── SUPPLIED ENTRIES ──
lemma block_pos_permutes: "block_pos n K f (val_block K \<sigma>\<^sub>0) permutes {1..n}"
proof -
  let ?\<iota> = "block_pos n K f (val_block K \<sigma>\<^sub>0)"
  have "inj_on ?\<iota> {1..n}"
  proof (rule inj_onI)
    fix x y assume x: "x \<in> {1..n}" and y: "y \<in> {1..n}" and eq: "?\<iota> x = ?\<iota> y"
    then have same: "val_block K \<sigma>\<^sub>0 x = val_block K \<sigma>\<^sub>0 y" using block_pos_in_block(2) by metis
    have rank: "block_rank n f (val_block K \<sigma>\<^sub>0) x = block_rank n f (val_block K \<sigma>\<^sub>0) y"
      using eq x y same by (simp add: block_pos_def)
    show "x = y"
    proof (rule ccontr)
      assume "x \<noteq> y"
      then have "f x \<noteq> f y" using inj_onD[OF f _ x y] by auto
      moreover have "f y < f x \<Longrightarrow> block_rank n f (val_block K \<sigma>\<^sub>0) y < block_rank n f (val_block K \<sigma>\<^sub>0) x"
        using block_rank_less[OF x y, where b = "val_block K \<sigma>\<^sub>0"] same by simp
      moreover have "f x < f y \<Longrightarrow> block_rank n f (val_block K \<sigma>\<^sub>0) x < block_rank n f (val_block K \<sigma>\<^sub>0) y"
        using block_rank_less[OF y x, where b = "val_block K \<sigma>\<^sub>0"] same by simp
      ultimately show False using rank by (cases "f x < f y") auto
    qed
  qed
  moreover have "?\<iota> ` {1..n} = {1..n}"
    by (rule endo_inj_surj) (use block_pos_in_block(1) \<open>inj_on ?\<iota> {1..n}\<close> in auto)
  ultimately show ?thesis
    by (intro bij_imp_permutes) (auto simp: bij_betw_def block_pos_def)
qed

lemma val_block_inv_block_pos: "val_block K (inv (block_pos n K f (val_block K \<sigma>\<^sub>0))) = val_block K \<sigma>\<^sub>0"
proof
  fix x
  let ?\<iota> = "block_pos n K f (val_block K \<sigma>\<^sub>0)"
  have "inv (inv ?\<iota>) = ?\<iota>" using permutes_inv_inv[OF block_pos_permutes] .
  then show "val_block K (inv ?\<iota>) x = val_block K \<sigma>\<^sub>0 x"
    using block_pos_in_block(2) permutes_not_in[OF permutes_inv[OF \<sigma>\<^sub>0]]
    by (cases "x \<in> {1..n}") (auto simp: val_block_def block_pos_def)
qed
───
── SUPPLIED ENTRIES ──
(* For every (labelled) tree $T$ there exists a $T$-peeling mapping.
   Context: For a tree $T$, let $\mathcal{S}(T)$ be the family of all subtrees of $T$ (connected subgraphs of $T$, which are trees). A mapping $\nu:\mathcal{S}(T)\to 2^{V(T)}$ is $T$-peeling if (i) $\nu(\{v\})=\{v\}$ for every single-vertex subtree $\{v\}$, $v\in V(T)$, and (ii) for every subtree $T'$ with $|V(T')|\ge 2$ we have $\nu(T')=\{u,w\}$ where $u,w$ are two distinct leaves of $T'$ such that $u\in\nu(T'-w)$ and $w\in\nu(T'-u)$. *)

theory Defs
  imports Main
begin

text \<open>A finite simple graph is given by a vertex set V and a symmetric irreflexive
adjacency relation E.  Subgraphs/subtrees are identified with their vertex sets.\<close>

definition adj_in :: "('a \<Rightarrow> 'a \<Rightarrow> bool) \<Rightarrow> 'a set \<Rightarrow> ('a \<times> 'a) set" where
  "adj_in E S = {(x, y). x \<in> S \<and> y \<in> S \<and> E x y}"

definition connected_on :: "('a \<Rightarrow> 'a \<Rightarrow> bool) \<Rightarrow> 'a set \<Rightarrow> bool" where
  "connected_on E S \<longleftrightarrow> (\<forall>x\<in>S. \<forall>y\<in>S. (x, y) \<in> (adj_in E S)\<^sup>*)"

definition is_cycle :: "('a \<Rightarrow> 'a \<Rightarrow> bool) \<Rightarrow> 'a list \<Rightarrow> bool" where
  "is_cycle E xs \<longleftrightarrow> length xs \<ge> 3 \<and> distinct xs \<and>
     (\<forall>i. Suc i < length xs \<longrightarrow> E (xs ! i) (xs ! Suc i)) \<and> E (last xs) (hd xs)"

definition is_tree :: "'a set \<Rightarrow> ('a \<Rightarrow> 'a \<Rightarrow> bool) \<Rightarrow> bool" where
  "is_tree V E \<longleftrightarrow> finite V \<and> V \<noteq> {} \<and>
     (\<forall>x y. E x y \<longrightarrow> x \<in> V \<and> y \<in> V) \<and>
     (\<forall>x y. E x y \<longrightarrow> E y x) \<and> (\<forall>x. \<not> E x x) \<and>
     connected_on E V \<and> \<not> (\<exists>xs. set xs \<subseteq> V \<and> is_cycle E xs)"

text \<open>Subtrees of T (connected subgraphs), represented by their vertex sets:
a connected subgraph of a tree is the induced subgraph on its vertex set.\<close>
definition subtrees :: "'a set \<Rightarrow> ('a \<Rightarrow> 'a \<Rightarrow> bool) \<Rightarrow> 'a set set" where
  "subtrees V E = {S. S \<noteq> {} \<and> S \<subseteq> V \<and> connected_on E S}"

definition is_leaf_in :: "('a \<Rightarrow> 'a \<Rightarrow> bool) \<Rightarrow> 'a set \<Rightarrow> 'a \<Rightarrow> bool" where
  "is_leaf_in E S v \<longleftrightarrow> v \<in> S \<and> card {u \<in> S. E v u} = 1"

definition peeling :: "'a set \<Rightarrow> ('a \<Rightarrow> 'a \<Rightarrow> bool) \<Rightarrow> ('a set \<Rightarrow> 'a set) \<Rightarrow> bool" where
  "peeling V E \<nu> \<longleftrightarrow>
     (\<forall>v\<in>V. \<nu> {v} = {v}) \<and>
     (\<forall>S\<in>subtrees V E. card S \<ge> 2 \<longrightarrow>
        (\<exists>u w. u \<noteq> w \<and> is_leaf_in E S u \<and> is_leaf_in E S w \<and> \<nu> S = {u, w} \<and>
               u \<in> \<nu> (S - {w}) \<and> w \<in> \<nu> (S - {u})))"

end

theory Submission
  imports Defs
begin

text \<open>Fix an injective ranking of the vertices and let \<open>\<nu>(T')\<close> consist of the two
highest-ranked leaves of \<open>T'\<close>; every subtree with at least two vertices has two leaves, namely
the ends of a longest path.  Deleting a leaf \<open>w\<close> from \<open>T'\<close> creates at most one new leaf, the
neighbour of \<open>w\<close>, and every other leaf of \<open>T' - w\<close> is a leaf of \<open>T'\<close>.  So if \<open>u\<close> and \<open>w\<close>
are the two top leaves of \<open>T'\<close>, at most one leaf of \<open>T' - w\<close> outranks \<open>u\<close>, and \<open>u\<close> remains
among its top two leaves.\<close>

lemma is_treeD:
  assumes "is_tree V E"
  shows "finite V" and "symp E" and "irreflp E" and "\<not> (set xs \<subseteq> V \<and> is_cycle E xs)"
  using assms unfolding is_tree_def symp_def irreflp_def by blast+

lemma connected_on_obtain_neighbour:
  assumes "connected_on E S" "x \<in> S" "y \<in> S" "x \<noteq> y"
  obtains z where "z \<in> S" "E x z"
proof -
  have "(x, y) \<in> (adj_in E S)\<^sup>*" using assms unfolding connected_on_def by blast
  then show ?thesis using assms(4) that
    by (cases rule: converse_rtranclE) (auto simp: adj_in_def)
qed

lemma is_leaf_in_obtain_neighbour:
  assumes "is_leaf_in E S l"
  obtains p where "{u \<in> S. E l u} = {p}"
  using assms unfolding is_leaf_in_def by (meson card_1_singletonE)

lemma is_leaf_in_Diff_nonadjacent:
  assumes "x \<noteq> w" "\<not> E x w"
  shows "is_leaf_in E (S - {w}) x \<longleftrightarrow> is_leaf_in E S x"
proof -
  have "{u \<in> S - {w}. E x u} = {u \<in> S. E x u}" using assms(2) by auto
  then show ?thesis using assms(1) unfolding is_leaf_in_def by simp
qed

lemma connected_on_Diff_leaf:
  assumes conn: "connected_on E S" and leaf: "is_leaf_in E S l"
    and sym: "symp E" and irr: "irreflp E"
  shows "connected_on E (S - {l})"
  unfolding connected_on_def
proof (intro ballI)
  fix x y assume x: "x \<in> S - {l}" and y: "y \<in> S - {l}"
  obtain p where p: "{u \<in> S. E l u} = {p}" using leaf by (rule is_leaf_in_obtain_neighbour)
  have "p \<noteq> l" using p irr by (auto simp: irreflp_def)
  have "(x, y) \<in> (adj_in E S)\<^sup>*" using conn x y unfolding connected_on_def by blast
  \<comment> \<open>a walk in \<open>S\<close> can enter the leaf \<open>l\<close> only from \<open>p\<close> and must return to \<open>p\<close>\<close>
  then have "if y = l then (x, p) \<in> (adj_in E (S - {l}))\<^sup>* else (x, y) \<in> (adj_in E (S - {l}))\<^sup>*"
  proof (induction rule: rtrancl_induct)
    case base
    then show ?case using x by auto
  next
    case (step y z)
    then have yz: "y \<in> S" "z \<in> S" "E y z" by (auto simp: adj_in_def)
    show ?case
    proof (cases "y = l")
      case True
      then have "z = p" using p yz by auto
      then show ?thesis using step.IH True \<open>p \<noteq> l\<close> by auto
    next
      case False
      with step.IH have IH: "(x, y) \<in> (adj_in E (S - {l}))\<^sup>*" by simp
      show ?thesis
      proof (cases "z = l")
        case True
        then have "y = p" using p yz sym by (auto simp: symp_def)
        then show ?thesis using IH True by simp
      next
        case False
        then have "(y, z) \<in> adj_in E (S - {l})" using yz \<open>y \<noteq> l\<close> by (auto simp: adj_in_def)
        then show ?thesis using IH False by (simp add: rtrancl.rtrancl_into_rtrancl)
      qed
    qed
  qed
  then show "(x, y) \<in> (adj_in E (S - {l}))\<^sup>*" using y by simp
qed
───
Please make an exact copy of the lines above from the line with "K \<sigma>\<^sub>0) permutes" through the line with "proof (rule inj_onI)", both ends included.

ANSWER TO THIS PROBLEM:
lemma block_pos_permutes: "block_pos n K f (val_block K \<sigma>\<^sub>0) permutes {1..n}"
proof -
  let ?\<iota> = "block_pos n K f (val_block K \<sigma>\<^sub>0)"
  have "inj_on ?\<iota> {1..n}"
  proof (rule inj_onI)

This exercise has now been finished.